### Aim of the task:
Use the entries below and reproduce exactly the lines from the one containing "e1 + e2 = mat" down to the one containing "M \<longleftrightarrow> model_subspace2", both of them included.

====== Provided entries ======

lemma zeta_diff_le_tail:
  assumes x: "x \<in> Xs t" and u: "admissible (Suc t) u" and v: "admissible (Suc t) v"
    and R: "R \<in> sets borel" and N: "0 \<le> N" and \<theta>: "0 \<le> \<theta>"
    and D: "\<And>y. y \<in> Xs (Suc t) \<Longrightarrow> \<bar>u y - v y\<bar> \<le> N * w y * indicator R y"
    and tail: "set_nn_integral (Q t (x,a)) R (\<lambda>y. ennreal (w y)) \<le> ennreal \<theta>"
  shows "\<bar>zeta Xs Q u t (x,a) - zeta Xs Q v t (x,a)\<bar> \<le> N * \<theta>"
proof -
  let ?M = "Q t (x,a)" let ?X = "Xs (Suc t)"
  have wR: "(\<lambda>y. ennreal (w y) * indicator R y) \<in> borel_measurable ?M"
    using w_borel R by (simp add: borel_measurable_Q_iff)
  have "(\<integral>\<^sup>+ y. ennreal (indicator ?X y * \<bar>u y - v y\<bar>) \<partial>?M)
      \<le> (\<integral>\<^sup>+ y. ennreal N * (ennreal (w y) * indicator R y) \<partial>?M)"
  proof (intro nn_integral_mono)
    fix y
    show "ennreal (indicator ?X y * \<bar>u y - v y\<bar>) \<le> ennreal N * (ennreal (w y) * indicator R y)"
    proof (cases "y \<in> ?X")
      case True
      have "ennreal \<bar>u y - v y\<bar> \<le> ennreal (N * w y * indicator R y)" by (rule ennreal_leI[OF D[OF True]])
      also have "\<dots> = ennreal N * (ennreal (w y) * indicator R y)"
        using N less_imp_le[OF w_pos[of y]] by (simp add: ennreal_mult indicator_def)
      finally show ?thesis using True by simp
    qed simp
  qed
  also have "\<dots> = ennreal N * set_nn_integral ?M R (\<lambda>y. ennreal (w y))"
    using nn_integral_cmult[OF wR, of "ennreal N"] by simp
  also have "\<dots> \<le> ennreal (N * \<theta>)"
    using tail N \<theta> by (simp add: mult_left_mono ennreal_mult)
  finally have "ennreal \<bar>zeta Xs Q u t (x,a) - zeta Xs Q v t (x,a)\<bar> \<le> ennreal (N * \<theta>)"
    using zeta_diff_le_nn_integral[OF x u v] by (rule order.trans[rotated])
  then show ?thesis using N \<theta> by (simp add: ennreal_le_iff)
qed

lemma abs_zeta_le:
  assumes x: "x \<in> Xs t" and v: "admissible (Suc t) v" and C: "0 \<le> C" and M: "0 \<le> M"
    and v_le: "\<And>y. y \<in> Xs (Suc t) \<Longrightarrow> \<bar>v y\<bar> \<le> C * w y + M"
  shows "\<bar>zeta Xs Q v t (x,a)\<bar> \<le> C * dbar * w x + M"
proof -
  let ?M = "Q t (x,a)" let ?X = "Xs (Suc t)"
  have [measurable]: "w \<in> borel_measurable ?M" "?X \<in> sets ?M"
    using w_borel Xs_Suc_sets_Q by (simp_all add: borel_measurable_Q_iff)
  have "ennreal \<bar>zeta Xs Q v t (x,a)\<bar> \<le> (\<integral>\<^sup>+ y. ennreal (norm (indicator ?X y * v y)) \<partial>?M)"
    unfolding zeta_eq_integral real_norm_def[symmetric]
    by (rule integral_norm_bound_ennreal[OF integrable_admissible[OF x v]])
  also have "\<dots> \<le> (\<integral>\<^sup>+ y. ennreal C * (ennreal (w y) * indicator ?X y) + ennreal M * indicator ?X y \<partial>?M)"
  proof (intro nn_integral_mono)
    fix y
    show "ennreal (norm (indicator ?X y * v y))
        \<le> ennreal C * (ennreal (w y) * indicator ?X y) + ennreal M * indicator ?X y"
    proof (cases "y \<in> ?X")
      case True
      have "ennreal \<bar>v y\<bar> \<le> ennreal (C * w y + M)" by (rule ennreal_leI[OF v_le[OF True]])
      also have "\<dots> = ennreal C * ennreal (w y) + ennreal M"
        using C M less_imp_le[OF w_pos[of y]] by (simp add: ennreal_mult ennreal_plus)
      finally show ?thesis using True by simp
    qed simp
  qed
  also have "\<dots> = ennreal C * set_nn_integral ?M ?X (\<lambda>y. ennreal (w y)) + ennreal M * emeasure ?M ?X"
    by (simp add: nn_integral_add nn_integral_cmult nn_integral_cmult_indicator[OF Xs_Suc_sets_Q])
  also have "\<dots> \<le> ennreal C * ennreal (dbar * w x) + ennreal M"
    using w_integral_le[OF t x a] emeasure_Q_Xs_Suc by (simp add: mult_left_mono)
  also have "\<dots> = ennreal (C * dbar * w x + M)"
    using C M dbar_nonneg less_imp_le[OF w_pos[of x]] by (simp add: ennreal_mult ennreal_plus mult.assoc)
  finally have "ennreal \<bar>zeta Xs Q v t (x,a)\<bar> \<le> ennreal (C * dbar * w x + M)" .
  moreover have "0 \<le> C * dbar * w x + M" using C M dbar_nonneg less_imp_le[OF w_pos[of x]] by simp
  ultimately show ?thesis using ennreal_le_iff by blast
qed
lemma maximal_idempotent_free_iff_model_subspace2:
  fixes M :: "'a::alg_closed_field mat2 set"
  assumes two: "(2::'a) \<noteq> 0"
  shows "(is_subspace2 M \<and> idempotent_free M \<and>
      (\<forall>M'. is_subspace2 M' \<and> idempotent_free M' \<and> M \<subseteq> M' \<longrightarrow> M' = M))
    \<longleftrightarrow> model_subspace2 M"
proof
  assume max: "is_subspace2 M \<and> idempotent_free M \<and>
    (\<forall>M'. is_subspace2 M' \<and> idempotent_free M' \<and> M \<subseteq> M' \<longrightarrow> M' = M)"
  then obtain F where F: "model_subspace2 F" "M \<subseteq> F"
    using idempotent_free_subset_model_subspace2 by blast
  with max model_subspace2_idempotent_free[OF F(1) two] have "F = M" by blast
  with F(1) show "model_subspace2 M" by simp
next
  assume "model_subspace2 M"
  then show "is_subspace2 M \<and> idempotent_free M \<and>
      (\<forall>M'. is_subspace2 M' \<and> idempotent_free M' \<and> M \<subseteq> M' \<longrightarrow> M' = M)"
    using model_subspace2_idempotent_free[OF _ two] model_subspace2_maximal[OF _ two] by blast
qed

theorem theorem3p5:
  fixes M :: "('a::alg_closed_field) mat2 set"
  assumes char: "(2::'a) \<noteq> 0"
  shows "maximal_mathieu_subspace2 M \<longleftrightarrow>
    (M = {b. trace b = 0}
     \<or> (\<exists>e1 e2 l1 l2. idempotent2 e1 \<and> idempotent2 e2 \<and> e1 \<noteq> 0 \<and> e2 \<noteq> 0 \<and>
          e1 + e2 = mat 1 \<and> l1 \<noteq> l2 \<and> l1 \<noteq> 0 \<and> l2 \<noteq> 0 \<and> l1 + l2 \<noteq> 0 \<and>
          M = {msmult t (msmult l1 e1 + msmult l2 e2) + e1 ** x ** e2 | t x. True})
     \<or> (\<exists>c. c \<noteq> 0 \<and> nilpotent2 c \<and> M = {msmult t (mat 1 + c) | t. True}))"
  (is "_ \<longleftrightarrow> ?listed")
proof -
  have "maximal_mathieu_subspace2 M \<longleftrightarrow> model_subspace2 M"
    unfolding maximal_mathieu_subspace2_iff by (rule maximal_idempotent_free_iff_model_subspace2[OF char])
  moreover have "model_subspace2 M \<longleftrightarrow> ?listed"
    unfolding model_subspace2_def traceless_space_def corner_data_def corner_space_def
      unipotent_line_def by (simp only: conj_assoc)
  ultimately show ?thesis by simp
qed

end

======

### Response to the exercise:
          e1 + e2 = mat 1 \<and> l1 \<noteq> l2 \<and> l1 \<noteq> 0 \<and> l2 \<noteq> 0 \<and> l1 + l2 \<noteq> 0 \<and>
          M = {msmult t (msmult l1 e1 + msmult l2 e2) + e1 ** x ** e2 | t x. True})
     \<or> (\<exists>c. c \<noteq> 0 \<and> nilpotent2 c \<and> M = {msmult t (mat 1 + c) | t. True}))"
  (is "_ \<longleftrightarrow> ?listed")
proof -
  have "maximal_mathieu_subspace2 M \<longleftrightarrow> model_subspace2 M"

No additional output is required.